## Exercise directions
Search the records for the word "nsinc" and report each line that has it.

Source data
——

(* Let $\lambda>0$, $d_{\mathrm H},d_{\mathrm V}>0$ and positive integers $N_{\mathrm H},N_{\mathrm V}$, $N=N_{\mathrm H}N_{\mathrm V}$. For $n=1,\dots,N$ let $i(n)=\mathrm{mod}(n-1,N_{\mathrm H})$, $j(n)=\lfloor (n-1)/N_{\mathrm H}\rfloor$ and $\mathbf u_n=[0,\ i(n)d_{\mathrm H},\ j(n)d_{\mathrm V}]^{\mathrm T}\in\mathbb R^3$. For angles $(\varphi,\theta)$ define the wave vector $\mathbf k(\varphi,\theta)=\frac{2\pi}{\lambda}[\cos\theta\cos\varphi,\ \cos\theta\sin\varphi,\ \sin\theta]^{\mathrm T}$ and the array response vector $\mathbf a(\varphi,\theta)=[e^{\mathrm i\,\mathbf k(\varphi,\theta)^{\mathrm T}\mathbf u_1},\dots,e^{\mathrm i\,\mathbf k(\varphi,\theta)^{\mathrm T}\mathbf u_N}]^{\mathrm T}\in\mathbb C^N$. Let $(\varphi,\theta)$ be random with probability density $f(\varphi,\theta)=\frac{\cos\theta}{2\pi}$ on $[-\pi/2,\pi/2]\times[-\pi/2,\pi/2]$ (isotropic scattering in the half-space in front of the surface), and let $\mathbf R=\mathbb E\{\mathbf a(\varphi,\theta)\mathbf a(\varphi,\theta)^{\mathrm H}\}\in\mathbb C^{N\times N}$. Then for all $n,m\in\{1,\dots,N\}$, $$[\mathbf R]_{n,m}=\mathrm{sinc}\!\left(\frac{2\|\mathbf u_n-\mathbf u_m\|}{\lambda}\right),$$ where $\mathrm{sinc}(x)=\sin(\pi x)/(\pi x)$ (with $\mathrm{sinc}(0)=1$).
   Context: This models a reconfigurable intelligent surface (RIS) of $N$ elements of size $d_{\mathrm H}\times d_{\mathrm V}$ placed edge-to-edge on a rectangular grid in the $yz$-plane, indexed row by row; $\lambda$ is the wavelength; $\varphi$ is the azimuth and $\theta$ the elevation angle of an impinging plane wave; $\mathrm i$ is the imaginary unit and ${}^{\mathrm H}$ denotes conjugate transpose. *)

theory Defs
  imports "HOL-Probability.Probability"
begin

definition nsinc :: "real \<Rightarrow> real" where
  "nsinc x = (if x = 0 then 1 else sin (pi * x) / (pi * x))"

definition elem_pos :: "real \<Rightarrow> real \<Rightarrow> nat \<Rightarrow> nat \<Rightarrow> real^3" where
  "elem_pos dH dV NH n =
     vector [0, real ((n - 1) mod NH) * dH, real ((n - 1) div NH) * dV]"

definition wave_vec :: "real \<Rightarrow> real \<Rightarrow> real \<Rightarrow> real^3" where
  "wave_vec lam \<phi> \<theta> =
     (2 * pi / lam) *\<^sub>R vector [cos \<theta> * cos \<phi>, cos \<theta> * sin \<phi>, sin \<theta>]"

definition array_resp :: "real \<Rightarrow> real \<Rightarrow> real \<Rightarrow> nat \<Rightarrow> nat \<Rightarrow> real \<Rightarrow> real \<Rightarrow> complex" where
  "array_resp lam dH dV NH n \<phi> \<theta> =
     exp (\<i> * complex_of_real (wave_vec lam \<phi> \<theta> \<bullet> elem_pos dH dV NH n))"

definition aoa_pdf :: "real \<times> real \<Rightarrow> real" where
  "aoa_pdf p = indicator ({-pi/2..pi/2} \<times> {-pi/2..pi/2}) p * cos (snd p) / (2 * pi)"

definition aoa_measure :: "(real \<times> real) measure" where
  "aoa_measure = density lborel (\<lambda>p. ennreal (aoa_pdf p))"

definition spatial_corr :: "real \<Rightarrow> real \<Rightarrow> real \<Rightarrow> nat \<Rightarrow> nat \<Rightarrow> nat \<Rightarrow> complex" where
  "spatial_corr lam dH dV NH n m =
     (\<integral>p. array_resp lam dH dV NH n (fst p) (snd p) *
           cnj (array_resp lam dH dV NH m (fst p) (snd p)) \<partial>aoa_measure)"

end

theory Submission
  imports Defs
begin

——

## Written reply
definition nsinc :: "real \<Rightarrow> real" where
  "nsinc x = (if x = 0 then 1 else sin (pi * x) / (pi * x))"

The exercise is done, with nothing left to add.